[GOAL OF THE EXERCISE]:
Only one stretch of the data below is wanted: the lines starting at the one with "Gamma(E) = Gamma(E^*)\<close>" and ending at the one with "(\<forall>u v h. anc (u", both included, given again exactly.

══════════

(* Let $(G,\mathcal J)$ be a generalized Kähler structure on a Courant algebroid $E$ and $D$ a Levi-Civita connection of $G$. For $u\in E$ let $A_u$ be the endomorphism $v\mapsto (D_v\mathcal J)u$ of $E$ and $A_u^{\mathrm{sym}}$ its $\langle\cdot,\cdot\rangle$-symmetric part. Then the generalized connection $$\tilde D_uv=D_uv-\tfrac12\mathcal J(D_u\mathcal J)v-\tfrac14\{A_u^{\mathrm{sym}},\mathcal J\}v$$ (where $\{X,Y\}=XY+YX$) is a torsion-free generalized connection satisfying $\tilde DG=0$ and $\tilde D\mathcal J=0$.
   Context: A Courant algebroid on a manifold $M$ is a real vector bundle $E\to M$ with a nondegenerate symmetric bilinear form $\langle\cdot,\cdot\rangle$, an $\mathbb R$-bilinear bracket $[\cdot,\cdot]$ on $\Gamma(E)$ and a bundle map $\pi:E\to TM$ such that for all $u,v,w\in\Gamma(E)$, $f\in C^\infty(M)$: $[u,[v,w]]=[[u,v],w]+[v,[u,w]]$; $\pi([u,v])=[\pi(u),\pi(v)]$; $[u,fv]=\pi(u)(f)v+f[u,v]$; $\pi(u)\langle v,w\rangle=\langle[u,v],w\rangle+\langle v,[u,w]\rangle$; $2\langle[u,u],v\rangle=\pi(v)\langle u,u\rangle$. A generalized connection is an $\mathbb R$-linear $D:\Gamma(E)\to\Gamma(E^*\otimes E)$ with $D_u(fv)=\pi(u)(f)v+fD_uv$ and $\pi(u)\langle v,w\rangle=\langle D_uv,w\rangle+\langle v,D_uw\rangle$; its torsion is $T^D(u,v)=D_uv-D_vu-[u,v]+(Du)^*v$, with $(Du)^*$ the $\langle\cdot,\cdot\rangle$-adjoint of $w\mapsto D_wu$. A generalized metric is a subbundle $E_+$ on which $\langle\cdot,\cdot\rangle$ is nondegenerate; with $E_-=E_+^\perp$ it gives $G=\langle\cdot,\cdot\rangle|_{E_+}-\langle\cdot,\cdot\rangle|_{E_-}$ and $G^{\mathrm{end}}=\pm\mathrm{Id}$ on $E_\pm$. A Levi-Civita connection of $G$ is a torsion-free generalized connection with $DG=0$. A generalized almost complex structure is a $\langle\cdot,\cdot\rangle$-orthogonal $\mathcal J$ with $\mathcal J^2=-\mathrm{Id}$, integrable if $N_{\mathcal J}(u,v)=[\mathcal Ju,\mathcal Jv]-[u,v]-\mathcal J([\mathcal Ju,v]+[u,\mathcal Jv])=0$. $(G,\mathcal J)$ is generalized almost Hermitian if $G(\mathcal Ju,\mathcal Jv)=G(u,v)$, and generalized Kähler if moreover $\mathcal J$ and $G^{\mathrm{end}}\mathcal J$ are integrable. *)

theory Defs
  imports Complex_Main
begin

text \<open>Algebraic (sections-level) model of a Courant algebroid.
  'f plays the role of C^infinity(M) (a commutative real algebra),
  'e the role of Gamma(E) (a real vector space with a C^infinity(M)-action sm).
  anc u is the vector field pi(u), acting as a derivation on functions.
  ip is the pairing, br the Courant (Dorfman) bracket.\<close>

definition module_action :: "('f::{comm_ring_1,real_algebra_1} \<Rightarrow> 'e::real_vector \<Rightarrow> 'e) \<Rightarrow> bool" where
  "module_action sm \<longleftrightarrow>
     (\<forall>f g u. sm (f * g) u = sm f (sm g u)) \<and>
     (\<forall>u. sm 1 u = u) \<and>
     (\<forall>f g u. sm (f + g) u = sm f u + sm g u) \<and>
     (\<forall>f u v. sm f (u + v) = sm f u + sm f v) \<and>
     (\<forall>c u. sm (of_real c) u = c *\<^sub>R u)"

text \<open>C^infinity(M)-linear endomorphisms of sections (= bundle endomorphisms).\<close>
definition f_linear :: "('f::{comm_ring_1,real_algebra_1} \<Rightarrow> 'e::real_vector \<Rightarrow> 'e) \<Rightarrow> ('e \<Rightarrow> 'e) \<Rightarrow> bool" where
  "f_linear sm T \<longleftrightarrow> (\<forall>u v. T (u + v) = T u + T v) \<and> (\<forall>f u. T (sm f u) = sm f (T u))"

text \<open>C^infinity(M)-linear functionals on sections (= sections of E^*).\<close>
definition f_linear_functional :: "('f::{comm_ring_1,real_algebra_1} \<Rightarrow> 'e::real_vector \<Rightarrow> 'e) \<Rightarrow> ('e \<Rightarrow> 'f) \<Rightarrow> bool" where
  "f_linear_functional sm phi \<longleftrightarrow> (\<forall>u v. phi (u + v) = phi u + phi v) \<and> (\<forall>f u. phi (sm f u) = f * phi u)"

definition derivation :: "('f::{comm_ring_1,real_algebra_1} \<Rightarrow> 'f) \<Rightarrow> bool" where
  "derivation X \<longleftrightarrow> (\<forall>f g. X (f + g) = X f + X g) \<and> (\<forall>c f. X (c *\<^sub>R f) = c *\<^sub>R X f) \<and>
     (\<forall>f g. X (f * g) = f * X g + g * X f)"

definition courant_algebroid ::
  "('f::{comm_ring_1,real_algebra_1} \<Rightarrow> 'e::real_vector \<Rightarrow> 'e) \<Rightarrow> ('e \<Rightarrow> 'e \<Rightarrow> 'f) \<Rightarrow> ('e \<Rightarrow> 'e \<Rightarrow> 'e) \<Rightarrow> ('e \<Rightarrow> 'f \<Rightarrow> 'f) \<Rightarrow> bool" where
  "courant_algebroid sm ip br anc \<longleftrightarrow>
     module_action sm \<and>
     \<comment> \<open>symmetric C-infinity-bilinear pairing\<close>
     (\<forall>u v. ip u v = ip v u) \<and>
     (\<forall>v. f_linear_functional sm (\<lambda>w. ip v w)) \<and>
     \<comment> \<open>nondegeneracy: the pairing induces an isomorphism Gamma(E) = Gamma(E^*)\<close>
     (\<forall>phi. f_linear_functional sm phi \<longrightarrow> (\<exists>!v. \<forall>w. phi w = ip v w)) \<and>
     \<comment> \<open>R-bilinear bracket\<close>
     (\<forall>u v w. br (u + v) w = br u w + br v w) \<and>
     (\<forall>u v w. br u (v + w) = br u v + br u w) \<and>
     (\<forall>c u v. br (c *\<^sub>R u) v = c *\<^sub>R br u v) \<and>
     (\<forall>c u v. br u (c *\<^sub>R v) = c *\<^sub>R br u v) \<and>
     \<comment> \<open>anchor: bundle map to TM\<close>
     (\<forall>u. derivation (anc u)) \<and>
     (\<forall>u v h. anc (u + v) h = anc u h + anc v h) \<and>
     (\<forall>f u h. anc (sm f u) h = f * anc u h) \<and>
     \<comment> \<open>Courant algebroid axioms\<close>
     (\<forall>u v w. br u (br v w) = br (br u v) w + br v (br u w)) \<and>
     (\<forall>u v h. anc (br u v) h = anc u (anc v h) - anc v (anc u h)) \<and>
     (\<forall>u v f. br u (sm f v) = sm (anc u f) v + sm f (br u v)) \<and>
     (\<forall>u v w. anc u (ip v w) = ip (br u v) w + ip v (br u w)) \<and>
     (\<forall>u v. 2 * ip (br u u) v = anc v (ip u u))"

definition adj :: "('e \<Rightarrow> 'e \<Rightarrow> 'f) \<Rightarrow> ('e \<Rightarrow> 'e) \<Rightarrow> 'e \<Rightarrow> 'e" where
  "adj ip T v = (THE w. \<forall>x. ip w x = ip v (T x))"

text \<open>Generalized connection: D u v = D_u v; E^*\<otimes>E-valued, i.e. C-infinity-linear in u.\<close>
definition gen_connection ::
  "('f::{comm_ring_1,real_algebra_1} \<Rightarrow> 'e::real_vector \<Rightarrow> 'e) \<Rightarrow> ('e \<Rightarrow> 'e \<Rightarrow> 'f) \<Rightarrow> ('e \<Rightarrow> 'f \<Rightarrow> 'f) \<Rightarrow> ('e \<Rightarrow> 'e \<Rightarrow> 'e) \<Rightarrow> bool" where
  "gen_connection sm ip anc D \<longleftrightarrow>
     (\<forall>u v w. D u (v + w) = D u v + D u w) \<and>
     (\<forall>c u v. D u (c *\<^sub>R v) = c *\<^sub>R D u v) \<and>
     (\<forall>u. f_linear sm (\<lambda>x. D x u)) \<and>
     (\<forall>u f v. D u (sm f v) = sm (anc u f) v + sm f (D u v)) \<and>
     (\<forall>u v w. anc u (ip v w) = ip (D u v) w + ip v (D u w))"

definition torsion :: "('e \<Rightarrow> 'e \<Rightarrow> 'f) \<Rightarrow> ('e \<Rightarrow> 'e \<Rightarrow> 'e) \<Rightarrow> ('e::real_vector \<Rightarrow> 'e \<Rightarrow> 'e) \<Rightarrow> 'e \<Rightarrow> 'e \<Rightarrow> 'e" where
  "torsion ip br D u v = D u v - D v u - br u v + adj ip (\<lambda>w. D w u) v"

definition torsion_free :: "('e \<Rightarrow> 'e \<Rightarrow> 'f) \<Rightarrow> ('e \<Rightarrow> 'e \<Rightarrow> 'e) \<Rightarrow> ('e::real_vector \<Rightarrow> 'e \<Rightarrow> 'e) \<Rightarrow> bool" where
  "torsion_free ip br D \<longleftrightarrow> (\<forall>u v. torsion ip br D u v = 0)"

text \<open>Generalized metric, encoded by G^end (= +Id on E_+, -Id on E_- = E_+^perp).\<close>
definition gen_metric ::
  "('f::{comm_ring_1,real_algebra_1} \<Rightarrow> 'e::real_vector \<Rightarrow> 'e) \<Rightarrow> ('e \<Rightarrow> 'e \<Rightarrow> 'f) \<Rightarrow> ('e \<Rightarrow> 'e) \<Rightarrow> bool" where
  "gen_metric sm ip Gend \<longleftrightarrow> f_linear sm Gend \<and> (\<forall>u. Gend (Gend u) = u) \<and>
     (\<forall>u v. ip (Gend u) v = ip u (Gend v))"

text \<open>G(u,v) = <u,v>|E_+ - <u,v>|E_- = <G^end u, v>.\<close>
definition Gmet :: "('e \<Rightarrow> 'e \<Rightarrow> 'f) \<Rightarrow> ('e \<Rightarrow> 'e) \<Rightarrow> 'e \<Rightarrow> 'e \<Rightarrow> 'f" where
  "Gmet ip Gend u v = ip (Gend u) v"

definition parallel_metric ::
  "('e \<Rightarrow> 'e \<Rightarrow> 'f::{comm_ring_1,real_algebra_1}) \<Rightarrow> ('e \<Rightarrow> 'f \<Rightarrow> 'f) \<Rightarrow> ('e \<Rightarrow> 'e) \<Rightarrow> ('e \<Rightarrow> 'e \<Rightarrow> 'e) \<Rightarrow> bool" where
  "parallel_metric ip anc Gend D \<longleftrightarrow>
     (\<forall>u v w. anc u (Gmet ip Gend v w) = Gmet ip Gend (D u v) w + Gmet ip Gend v (D u w))"

definition covD_end :: "('e \<Rightarrow> 'e \<Rightarrow> 'e::real_vector) \<Rightarrow> ('e \<Rightarrow> 'e) \<Rightarrow> 'e \<Rightarrow> 'e \<Rightarrow> 'e" where
  "covD_end D J u v = D u (J v) - J (D u v)"

definition parallel_end :: "('e \<Rightarrow> 'e \<Rightarrow> 'e::real_vector) \<Rightarrow> ('e \<Rightarrow> 'e) \<Rightarrow> bool" where
  "parallel_end D J \<longleftrightarrow> (\<forall>u v. covD_end D J u v = 0)"
(* Let $\mathcal{G}$ be a signed digraph with signed Laplacian $L$. (1) If $L$ has corank $1$, then $\mathcal{G}$ has a rooted spanning tree. (2) If $-L$ is EEP, or if $L$ is weight balanced and of corank $1$, then $L$ is irreducible (equivalently, $\mathcal{G}$ is strongly connected).
   Context: A signed digraph is $\mathcal{G}=(\mathcal{V},\mathcal{E},A)$ with $\mathcal{V}=\{1,\dots,n\}$, real weighted adjacency matrix $A$ (entries of any sign), and $A_{ij}\neq0$ iff $(j,i)\in\mathcal{E}$ is a directed edge from $j$ to $i$. Its signed Laplacian is $L=\Sigma-A$ with $\Sigma=\mathrm{diag}(\sigma_i)$, $\sigma_i=\sum_jA_{ij}$. $\mathcal{G}$ has a rooted spanning tree if there is a node $j$ from which every node can be reached by a directed path of edges in $\mathcal{E}$; $\mathcal{G}$ is strongly connected if every node can be reached from every other node. $L$ is irreducible if there is no permutation matrix $P$ with $P^\top LP$ block upper triangular with two nontrivial square diagonal blocks. Weight balanced means $L^\top\mathbf{1}=0$. $M$ is EEP if there is $t_0\ge0$ with $e^{Mt}$ entrywise positive for all $t\ge t_0$. Corank means dimension of the kernel. *)

theory Defs
  imports "HOL-Analysis.Analysis"
begin

definition edges :: "real^'n^'n \<Rightarrow> ('n \<times> 'n) set" where
  "edges A = {(j, i). A $ i $ j \<noteq> 0}"

definition signed_laplacian :: "real^'n^'n \<Rightarrow> real^'n^'n" where
  "signed_laplacian A = (\<chi> i j. (if i = j then (\<Sum>k\<in>UNIV. A $ i $ k) else 0) - A $ i $ j)"

definition has_rooted_spanning_tree :: "real^'n^'n \<Rightarrow> bool" where
  "has_rooted_spanning_tree A \<longleftrightarrow> (\<exists>r. \<forall>v. (r, v) \<in> (edges A)\<^sup>*)"

definition strongly_connected :: "real^'n^'n \<Rightarrow> bool" where
  "strongly_connected A \<longleftrightarrow> (\<forall>u v. (u, v) \<in> (edges A)\<^sup>*)"

definition corank :: "real^'n^'n \<Rightarrow> nat" where
  "corank M = dim {x. M *v x = 0}"

definition weight_balanced :: "real^'n^'n \<Rightarrow> bool" where
  "weight_balanced L \<longleftrightarrow> transpose L *v (\<chi> i. 1) = 0"

definition perm_matrix :: "('n \<Rightarrow> 'n) \<Rightarrow> real^'n^'n" where
  "perm_matrix p = (\<chi> i j. if i = p j then 1 else 0)"

text \<open>Block upper triangular w.r.t. the index order, with two nontrivial square diagonal
  blocks: the first block is indexed by a nonempty proper initial segment S of the
  (linearly ordered) index type, and the lower-left block (rows outside S, columns in S) is zero.\<close>
definition block_upper_triangular :: "real^('n::{finite,linorder})^('n::{finite,linorder}) \<Rightarrow> bool" where
  "block_upper_triangular M \<longleftrightarrow>
     (\<exists>S. S \<noteq> {} \<and> S \<noteq> UNIV \<and> (\<forall>i j. j \<in> S \<longrightarrow> i \<le> j \<longrightarrow> i \<in> S) \<and>
          (\<forall>i j. i \<notin> S \<longrightarrow> j \<in> S \<longrightarrow> M $ i $ j = 0))"

definition irreducible_matrix :: "real^('n::{finite,linorder})^('n::{finite,linorder}) \<Rightarrow> bool" where
  "irreducible_matrix L \<longleftrightarrow>
     \<not> (\<exists>p. p permutes UNIV \<and>
            block_upper_triangular (transpose (perm_matrix p) ** L ** perm_matrix p))"

primrec matpow :: "real^'n^'n \<Rightarrow> nat \<Rightarrow> real^'n^'n" where
  "matpow M 0 = mat 1"
| "matpow M (Suc k) = M ** matpow M k"

definition mat_exp :: "real^'n^'n \<Rightarrow> real^'n^'n" where
  "mat_exp M = (\<chi> i j. \<Sum>k. matpow M k $ i $ j / fact k)"

definition EEP :: "real^'n^'n \<Rightarrow> bool" where
  "EEP M \<longleftrightarrow> (\<exists>t0\<ge>0. \<forall>t\<ge>t0. \<forall>i j. mat_exp (t *\<^sub>R M) $ i $ j > 0)"

end

theory Submission
  imports Defs
begin

text \<open>Call a node set \<open>T\<close> closed for a matrix \<open>M\<close> if rows in \<open>T\<close> vanish outside \<open>T\<close>; for the
  Laplacian this says that no edge enters \<open>T\<close>. A Laplacian has zero row sums, so its rows indexed
  by a nonempty closed \<open>T\<close> span at most \<open>card T - 1\<close> dimensions. Without a rooted spanning tree
  there are two disjoint nonempty closed sets (the ancestor sets of a node with fewest ancestors
  and of a node it cannot reach), which forces \<open>rank L \<le> n - 2\<close>; with zero column sums one
  nonempty proper closed set suffices, because one row outside it is minus the sum of the
  others. Closed sets survive matrix products, so an EEP matrix has none besides \<open>{}\<close> and
  \<open>UNIV\<close>, and they are exactly what a block triangular permutation of \<open>L\<close> exhibits.\<close>

definition block_closed :: "real^'n^'n \<Rightarrow> 'n set \<Rightarrow> bool" where
  "block_closed M T \<longleftrightarrow> (\<forall>i j. i \<in> T \<longrightarrow> j \<notin> T \<longrightarrow> M $ i $ j = 0)"

definition zero_sum_basis :: "'n \<Rightarrow> 'n set \<Rightarrow> (real^'n) set" where
  "zero_sum_basis a T = (\<lambda>j. axis j 1 - axis a 1) ` (T - {a})"

subsection \<open>Rank and corank\<close>

lemma corank_plus_rank:
  fixes M :: "real^'n^'n"
  shows "corank M + rank M = CARD('n)"
proof -
  have orth: "{y. \<forall>x\<in>span (rows M). orthogonal x y} = {y. M *v y = 0}"
  proof (intro set_eqI iffI)
    fix y assume "y \<in> {y. \<forall>x\<in>span (rows M). orthogonal x y}"
    then have "orthogonal (M $ k) y" for k
      by (auto intro: span_base simp: rows_def row_def vec_lambda_eta)
    then show "y \<in> {y. M *v y = 0}"
      by (simp add: vec_eq_iff matrix_vector_mul_component orthogonal_def)
  next
    fix y assume "y \<in> {y. M *v y = 0}"
    then show "y \<in> {y. \<forall>x\<in>span (rows M). orthogonal x y}"
      using orthogonal_nullspace_rowspace orthogonal_commute by blast
  qed
  have "dim {y \<in> UNIV. \<forall>x\<in>span (rows M). orthogonal x y} + dim (span (rows M))
      = dim (UNIV :: (real^'n) set)"
    by (rule dim_subspace_orthogonal_to_vectors) auto
  then show ?thesis
    using orth by (simp add: corank_def row_rank_def)
qed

══════════

[RESPONSE]:
     \<comment> \<open>nondegeneracy: the pairing induces an isomorphism Gamma(E) = Gamma(E^*)\<close>
     (\<forall>phi. f_linear_functional sm phi \<longrightarrow> (\<exists>!v. \<forall>w. phi w = ip v w)) \<and>
     \<comment> \<open>R-bilinear bracket\<close>
     (\<forall>u v w. br (u + v) w = br u w + br v w) \<and>
     (\<forall>u v w. br u (v + w) = br u v + br u w) \<and>
     (\<forall>c u v. br (c *\<^sub>R u) v = c *\<^sub>R br u v) \<and>
     (\<forall>c u v. br u (c *\<^sub>R v) = c *\<^sub>R br u v) \<and>
     \<comment> \<open>anchor: bundle map to TM\<close>
     (\<forall>u. derivation (anc u)) \<and>
     (\<forall>u v h. anc (u + v) h = anc u h + anc v h) \<and>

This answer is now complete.